**Activity**
Copy each line of the entries that contains the word "Longrightarrow".

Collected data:

+ + + + +

lemma path_step_edge:
  assumes "(x, y) \<in> path_steps P"
  shows "{x, y} \<in> E \<and> x \<in> V \<and> y \<in> V"
proof -
  obtain p i where "p \<in> P" "Suc i < length p" "p ! i = x" "p ! Suc i = y"
    using assms by (rule path_stepsE)
  then show ?thesis using routing_path unfolding is_path_def by (metis Suc_lessD nth_mem subsetD)
qed

lemma finite_path_steps: "finite (path_steps P)"
proof -
  have "finite P" using R unfolding routing_def by simp
  moreover have "path_steps P \<subseteq> (\<Union>p\<in>P. set p) \<times> (\<Union>p\<in>P. set p)"
    unfolding path_steps_def by (auto intro!: nth_mem)
  ultimately show ?thesis by (meson finite_SigmaI finite_UN_I finite_set finite_subset)
qed

lemma hd_notin_Range_path_steps:
  assumes p: "p \<in> P"
  shows "hd p \<notin> Range (path_steps P)"
proof
  assume "hd p \<in> Range (path_steps P)"
  then obtain w where w: "(w, hd p) \<in> path_steps P" by blast
  have "hd p \<in> set p" using routing_path_not_Nil[OF p] by simp
  then obtain i where i: "Suc i < length p" "p ! Suc i = hd p"
    using path_step_on_path[OF w p] by blast
  then have "p ! Suc i = p ! 0" using routing_path_not_Nil[OF p] by (simp add: hd_conv_nth)
  moreover have "0 < length p" using i(1) by auto
  ultimately show False using nth_eq_iff_index_eq[OF routing_path_distinct[OF p] i(1)] by blast
qed

lemma hd_in_Domain_path_steps:
  assumes "S \<inter> T = {}" and p: "p \<in> P"
  shows "hd p \<in> Domain (path_steps P)"
proof -
  obtain a xs where axs: "p = a # xs" using routing_path_not_Nil[OF p] by (cases p) auto
  have "hd p \<in> S" "last p \<in> T" using routing_path[OF p] by auto
  then have "hd p \<noteq> last p" using assms(1) by auto
  then have "xs \<noteq> []" using axs by auto
  then have "(p ! 0, p ! Suc 0) \<in> path_steps P" using path_stepsI[OF p, of 0] axs by simp
  then show ?thesis using axs by auto
qed

lemma endpoint_of_path_steps:
  assumes "x \<in> Range (path_steps P)" "x \<notin> Domain (path_steps P)"
  shows "x \<in> T"
proof -
  obtain p i where p: "p \<in> P" "Suc i < length p" "p ! Suc i = x"
    using assms(1) by (auto elim: path_stepsE)
  have "\<not> Suc (Suc i) < length p"
    using path_stepsI[OF p(1), of "Suc i"] p(3) assms(2) by blast
  then have "length p = Suc (Suc i)" "p \<noteq> []" using p(2) by auto
  then have "x = last p" using p(3) by (simp add: last_conv_nth)
  then show ?thesis using routing_path[OF p(1)] by simp
qed

lemma routing_exchange_path:
  assumes p0: "p0 \<in> P" and p: "is_path V' E' p" "hd p \<in> S" "last p \<in> T"
    and new: "set p \<subseteq> insert z (set p0)" "z \<in> set p" "\<And>q. q \<in> P \<Longrightarrow> z \<notin> set q"
    and others: "\<And>q. q \<in> P \<Longrightarrow> q \<noteq> p0 \<Longrightarrow> is_path V' E' q"
  shows "routing V' E' S T k (insert p (P - {p0}))"
  unfolding routing_def
proof (intro conjI; (intro ballI impI)?)
  have "p \<notin> P" using new(2,3) by blast
  moreover have "finite P" "card P = k" using R unfolding routing_def by auto
  moreover have "card P > 0" using calculation(2) p0 card_gt_0_iff by blast
  ultimately show "finite (insert p (P - {p0}))" "card (insert p (P - {p0})) = k"
    using p0 by auto
  show "is_path V' E' q \<and> hd q \<in> S \<and> last q \<in> T" if "q \<in> insert p (P - {p0})" for q
    using that p others routing_path by blast
  show "set q \<inter> set r = {}" if "q \<in> insert p (P - {p0})" "r \<in> insert p (P - {p0})" "q \<noteq> r" for q r
    using that new(1,3) routing_same_path[OF _ p0] R unfolding routing_def by blast
qed

lemma card_hd_routing: "card (hd ` P) = k"
proof -
  have "inj_on hd P"
  proof (rule inj_onI)
    fix p q assume "p \<in> P" "q \<in> P" "hd p = hd q"
    then show "p = q"
      using routing_same_path[of p q "hd p"] routing_path_not_Nil by (metis list.set_sel(1))
  qed
  then show ?thesis using card_image R unfolding routing_def by metis
qed

end

section \<open>Rerouting along a cycle\<close>

definition rerouted_steps :: "'w list set \<Rightarrow> ('w \<times> 'w) set \<Rightarrow> ('w \<times> 'w) set \<Rightarrow> ('w \<times> 'w) set" where
  "rerouted_steps P M N = (path_steps P - M) \<union> N\<inverse>"

text \<open>M \<union> N are the arcs of a simple cycle: M the ones along P, N the single arcs between them.\<close>

context
  fixes V E S T k P and M N :: "('w \<times> 'w) set"
  assumes R: "routing V E S T k P" and ST: "S \<inter> T = {}"
    and M: "M \<subseteq> path_steps P" and MN: "M \<inter> N = {}"
    and cycle: "single_valued (M \<union> N)" "single_valued ((M \<union> N)\<inverse>)"
      "Domain (M \<union> N) \<subseteq> Range (M \<union> N)"
    and flank: "\<And>u v. (u, v) \<in> N \<Longrightarrow> u \<in> Range M \<and> v \<in> Domain M"
begin

lemma single_valued_rerouted_steps: "single_valued (rerouted_steps P M N)"
  unfolding rerouted_steps_def
proof (rule single_valuedI)
  have mixed: False if yx: "(y, x) \<in> N" and xz: "(x, z) \<in> path_steps P - M" for x y z
  proof -
    obtain w where "(x, w) \<in> M" using flank[OF yx] by blast
    then have "z = w" using M xz single_valued_path_steps[OF R] by (auto dest: single_valuedD)
    then show False using \<open>(x, w) \<in> M\<close> xz by blast
  qed
  fix x y z assume "(x, y) \<in> (path_steps P - M) \<union> N\<inverse>" "(x, z) \<in> (path_steps P - M) \<union> N\<inverse>"
  then show "y = z"
    using mixed single_valued_path_steps[OF R] cycle(2) by (auto dest: single_valuedD)
qed

lemma single_valued_converse_rerouted_steps: "single_valued ((rerouted_steps P M N)\<inverse>)"
  unfolding rerouted_steps_def
proof (rule single_valuedI)
  have mixed: False if zx: "(z, x) \<in> N" and yz: "(y, z) \<in> path_steps P - M" for x y z
  proof -
    obtain w where "(w, z) \<in> M" using flank[OF zx] by blast
    then have "y = w"
      using M yz single_valued_converse_path_steps[OF R] by (auto dest: single_valuedD)
    then show False using \<open>(w, z) \<in> M\<close> yz by blast
  qed
  fix z x y assume "(z, x) \<in> ((path_steps P - M) \<union> N\<inverse>)\<inverse>" "(z, y) \<in> ((path_steps P - M) \<union> N\<inverse>)\<inverse>"
  then show "x = y"
    using mixed single_valued_converse_path_steps[OF R] cycle(1) by (auto dest: single_valuedD)
qed

lemma hd_rerouted_steps:
  assumes "p \<in> P"
  shows "hd p \<notin> Range (rerouted_steps P M N)" "hd p \<in> Domain (rerouted_steps P M N)"
  unfolding rerouted_steps_def
proof -
  have no_in: "hd p \<notin> Range (path_steps P)" using hd_notin_Range_path_steps[OF R assms] .
  then have "hd p \<notin> Range M" using M by blast
  then show "hd p \<notin> Range ((path_steps P - M) \<union> N\<inverse>)" using no_in flank by blast
  obtain y where y: "(hd p, y) \<in> path_steps P" using hd_in_Domain_path_steps[OF R ST assms] by blast
  show "hd p \<in> Domain ((path_steps P - M) \<union> N\<inverse>)"
  proof (cases "(hd p, y) \<in> M")
    case True
    then obtain w where "(w, hd p) \<in> M \<union> N" using cycle(3) by blast
    then have "(w, hd p) \<in> N" using M no_in by blast
    then show ?thesis by blast
  qed (use y in blast)
qed

lemma endpoint_of_rerouted_steps:
  assumes "x \<in> Range (rerouted_steps P M N)" "x \<notin> Domain (rerouted_steps P M N)"
  shows "x \<in> T"
proof (rule endpoint_of_path_steps[OF R])
  obtain w where w: "(w, x) \<in> (path_steps P - M) \<union> N\<inverse>"
    using assms(1) unfolding rerouted_steps_def by blast
  then show "x \<in> Range (path_steps P)" using flank M by blast
  show "x \<notin> Domain (path_steps P)"
  proof
    assume "x \<in> Domain (path_steps P)"
    then obtain y where "(x, y) \<in> path_steps P" by blast
    then have xy: "(x, y) \<in> M" using assms(2) unfolding rerouted_steps_def by blast
    then obtain u where "(u, x) \<in> M \<union> N" using cycle(3) by blast
    then have ux: "(u, x) \<in> M" using assms(2) unfolding rerouted_steps_def by blast
    show False
    proof (cases "(w, x) \<in> N\<inverse>")
      case True
      then have "w = y" using xy cycle(1) by (auto dest: single_valuedD)
      then show False using True xy MN by blast
    next
      case False
      then have "w = u"
        using w ux M single_valued_converse_path_steps[OF R] by (auto dest: single_valuedD)
      then show False using w ux False by blast
    qed
  qed
qed

lemma routable_rerouted_steps:
  assumes N: "finite N"
    and edges: "\<And>x y. (x, y) \<in> rerouted_steps P M N \<Longrightarrow> {x, y} \<in> E' \<and> x \<in> V' \<and> y \<in> V'"
  shows "routable V' E' S T k"
proof -
  interpret finite_partial_injection "rerouted_steps P M N"
    using finite_path_steps[OF R] N single_valued_rerouted_steps single_valued_converse_rerouted_steps
    by unfold_locales (auto simp: rerouted_steps_def)
  have "routable V' E' S T (card (hd ` P))"
  proof (rule routable_from_sources)
    show "finite (hd ` P)" using R unfolding routing_def by simp
    show "hd ` P \<subseteq> S" using routing_path[OF R] by blast
  qed (use hd_rerouted_steps endpoint_of_rerouted_steps edges in auto)
  then show ?thesis using card_hd_routing[OF R] by simp
qed

end

section \<open>Alternating cycles\<close>

definition alternating_segments :: "colour \<Rightarrow> colour \<Rightarrow> ('w \<times> 'w \<times> colour) list list \<Rightarrow> bool" where
  "alternating_segments c1 c2 segs \<longleftrightarrow> (\<forall>j<length segs.
     if even j then segs ! j \<noteq> [] \<and> (\<forall>a\<in>set (segs ! j). arc_col a = c2)
     else (\<exists>a. segs ! j = [a] \<and> arc_col a = c1))"

lemma alternating_segments_Cons_Cons:
  "alternating_segments c1 c2 (s0 # s1 # segs) \<longleftrightarrow>
     s0 \<noteq> [] \<and> (\<forall>a\<in>set s0. arc_col a = c2) \<and> (\<exists>a. s1 = [a] \<and> arc_col a = c1) \<and>
     alternating_segments c1 c2 segs"
  unfolding alternating_segments_def by (simp add: All_less_Suc2)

+ + + + +

**Output for this exercise**
    and new: "set p \<subseteq> insert z (set p0)" "z \<in> set p" "\<And>q. q \<in> P \<Longrightarrow> z \<notin> set q"
    and others: "\<And>q. q \<in> P \<Longrightarrow> q \<noteq> p0 \<Longrightarrow> is_path V' E' q"
    and flank: "\<And>u v. (u, v) \<in> N \<Longrightarrow> u \<in> Range M \<and> v \<in> Domain M"
    and edges: "\<And>x y. (x, y) \<in> rerouted_steps P M N \<Longrightarrow> {x, y} \<in> E' \<and> x \<in> V' \<and> y \<in> V'"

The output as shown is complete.